Four other apps later, I finally got on Tinder. Why the heck not? All the cool kids are on it, right?


And for a while, I had a blast. I had five conversations going. I swiped left on too many couples. I thought I’d get creative and link to unicorns-r-us.com before they got their feelings hurt trying to match with me. I educated someone about the whole non-binary thing. I had a brilliantly-worded explanation on how exactly I practiced polyamory and what I was looking for.


Within hours I was Error 40303‘d: banned. At first, I couldn’t fathom as to why I was banned! I’m cute! I was polite! I was upfront with my polyamory! Did I annoy too many Unicorn Hunters by not being so easy? Were people so hooked on serial monogamy that I was mass reported for being a non-mono hussy? Did I not send enough peach emojis? Did my Safe For Work muffin joke really not go over well?

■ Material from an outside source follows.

(* Consider the multistage ANC game described in the context, with linear plant $x^{t+1}=A_tx^t+b^tB_tu^t$, and assume: (i) for every $t=0,\dots,T-1$ there exist scalars $e_t,d_t$ and functions $\alpha_t,\beta_t:\mathbb{R}_+\to\mathbb{R}$ with $\lim_{y\to+\infty}\alpha_t(y)=\lim_{y\to+\infty}\beta_t(y)=+\infty$, $\alpha_t(y)\ge e_t$, $\beta_t(y)\ge d_t$, such that $\sigma^t(x,u)\ge\alpha_t(\|u\|)+\beta_t(\|x\|)$ for all $x\in\mathbb{R}^n$, $u\in\mathbb{R}^m$; (ii) for all $t=0,\dots,T-1$, $\sigma^t:\mathbb{R}^n\times\mathbb{R}^m\to\mathbb{R}_+$ is convex in both its arguments (jointly); (iii) $\sigma^T:\mathbb{R}^n\to\mathbb{R}_+$ is convex and there exist a scalar $d_T$ and a function $\beta_T:\mathbb{R}_+\to\mathbb{R}_+$ with $\lim_{y\to+\infty}\beta_T(y)=+\infty$, $\beta_T(y)\ge d_T$, such that $\sigma^T(x)\ge\beta_T(\|x\|)$; (iv) $\sigma^T$ is continuous; for every $t=0,\dots,T-1$, $\sigma^t(\cdot,u)$ is continuous uniformly in $u\in\mathbb{R}^m$, and $\sigma^t(x,\cdot)$ is continuous for every $x\in\mathbb{R}^n$. Define $V_T(x,s)=\sigma^T(x)-g^T(s)$ and, recursively for $t=T-1,\dots,0$, \[ V_t(x,s)=\inf_{u\in\mathbb{R}^m}\sup_{p\in\mathcal{S}_{N-1}}p'\mathcal{V}_t(x,s,u), \] where $\mathcal{V}_t(x,s,u)\in\mathbb{R}^N$ has components \[ [\mathcal{V}_t(x,s,u)]_a=\sigma^t(x,u)-g^t(a,s)+\sum_{i\in\mathcal{F}}P^t_{si}(a)\big[q^t_iV_{t+1}(A_tx+B_tu,i)+(1-q^t_i)V_{t+1}(A_tx,i)\big]. \] Then for all $t=0,\dots,T-1$, $x\in\mathbb{R}^n$, $s\in\mathcal{F}$, the value functions $V_t$ are well defined, in the sense that \[ \inf_{u\in\mathbb{R}^m}\sup_{p\in\mathcal{S}_{N-1}}p'\mathcal{V}_t(x,s,u)=\sup_{p\in\mathcal{S}_{N-1}}\inf_{u\in\mathbb{R}^m}p'\mathcal{V}_t(x,s,u) \] and this common value is finite, and $V_t(\cdot,s)$ is convex and continuous in $x$. Furthermore, the strategy pair defined by $(u^* )^t=\arg\inf_{u\in\mathbb{R}^m}\sup_{p\in\mathcal{S}_{N-1}}p'\mathcal{V}_t(x,s,u)$ and $(p^* )^t=\arg\sup_{p\in\mathcal{S}_{N-1}}\inf_{u\in\mathbb{R}^m}p'\mathcal{V}_t(x,s,u)$ is a saddle-point strategy of the multistage ANC game.
   Context: Multistage ANC game on horizon $\{0,\dots,T\}$. Regimes $\mathcal{F}=\{1,\dots,|\mathcal{F}|\}$, jammer actions $\mathcal{A}=\{1,\dots,N\}$, $\mathcal{S}_{N-1}$ the unit simplex in $\mathbb{R}^N$. For each $t$ and $a\in\mathcal{A}$, $P^t(a)$ is an $|\mathcal{F}|\times|\mathcal{F}|$ row-stochastic matrix, and $q^t=(q^t_1,\dots,q^t_{|\mathcal{F}|})'\in[0,1]^{|\mathcal{F}|}$. $A_t,B_t$ are real matrices of sizes $n\times n$, $n\times m$. The state is $(x^t,s^t)\in\mathbb{R}^n\times\mathcal{F}$, with given initial $(x^0,s^0)$. At each $t\le T-1$ the controller, observing $(x^t,s^t)$, chooses $u^t\in\mathbb{R}^m$; the jammer, observing $(x^t,s^t)$ and $u^t$, chooses a probability vector $p^t\in\mathcal{S}_{N-1}$ and $a^t$ is drawn according to $p^t$; then $s^{t+1}$ is drawn with $\mathrm{Pr}(s^{t+1}=i\mid s^t=j,a^t=a)=P^t_{ji}(a)$, $b^t\in\{0,1\}$ is drawn with $\mathrm{Pr}(b^t=1\mid s^{t+1}=i)=q^t_i$ (conditionally independent of everything else given $s^{t+1}$), and $x^{t+1}=A_tx^t+b^tB_tu^t$. Stage costs $\sigma^t:\mathbb{R}^n\times\mathbb{R}^m\to\mathbb{R}_+$, terminal cost $\sigma^T:\mathbb{R}^n\to\mathbb{R}_+$, jammer costs $g^t:\mathcal{A}\times\mathcal{F}\to\mathbb{R}$ ($t<T$) and $g^T:\mathcal{F}\to\mathbb{R}$. The total payoff is $\Sigma=\sum_{t=0}^{T-1}\sigma^t(x^t,u^t)+\sigma^T(x^T)-\sum_{t=0}^{T-1}g^t(a^t,s^t)$; the controller minimizes and the jammer maximizes its expectation $\mathbb{E}^{u,p}[\Sigma]$ over strategy sequences $\{u^t\}$, $\{p^t\}$. A saddle-point strategy is a pair $(\{(u^* )^t\},\{(p^* )^t\})$ with $\mathbb{E}^{u^*,p^*}[\Sigma]=\inf_{\{u^t\}}\sup_{\{p^t\}}\mathbb{E}^{u,p}[\Sigma]=\sup_{\{p^t\}}\inf_{\{u^t\}}\mathbb{E}^{u,p}[\Sigma]$. *)

theory Defs
  imports "HOL-Analysis.Analysis"
begin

No, I just forgot that spam was not allowed and any “.com” addresses on your profile is considered as such!


OKCupid has utterly spoiled me. (I have not one, but three links explaining why a certain subset of non-monogamy grinds my gears. But that is a whole other post.)


I was fine for a few days, even though I put in a lot of work into my profile, and I left my five conversations forever orphaned. I’m too slow on moving the conversation to other platforms, so unless they recognize me elsewhere I’ll never know how they would’ve meshed with me.


Then FOMO hit me. FOMO is “Fear of Missing Out,” because of what I said earlier: all the cool kids are on Tinder! Who am I not hooking up with or having a coffee date with or bonding over Mario Kart with right now because I’m not on Tinder?! I swear, I was fine, until my friend came across Someone We Are Mutually Interested In who seems super fucking cool and they sent a Super Like and that’s it, I’ve had it, let me back in!


So, in short, I ban evaded. And I will tell you that I did my homework only after the fact– while I did manage to get back on, there were indicators that I was suffering a worse fate: The Shadowban. No one can see you or your likes. Messages mysteriously don’t send. You don’t get the shiny gold circle thing going on. And it’s likely you’re on borrowed time before you’re just banned again if you didn’t jump through all the hoops to make sure Tinder servers didn’t recognize you.


And that included obtaining a new phone.


That was when I looked up from my old budget phone after three hours of Googling ban workarounds and browsing a certain subreddit dedicated to having the best profiles and more ban workarounds and deep analysis of how it all works and “why am I getting ugly chicks?” and I thought


What the hell am I doing?


In my moment of clarity, I realized I was doing the meatspace equivalent to “trying too hard.” I was caring way too damn much about a dating app. Especially for an app I only used until very recently. I got caught up in the swiping game, spending hours on this issue when I could have been doing literally anything else.


Like going back to bed.


Or playing Minecraft.


I’m taking this experience as my cue to go chill out. I was fine without it before and gosh darn it, people like me! I’ll just run into them at my favorite bar. We are not going to mention the five other apps still on my phone.


I deleted my second account and uninstalled the app. There’s a whole moral here about unplugging and Swipe Culture but whatever, I was invited to the cookout anyway.


All the cool kids are also elsewhere.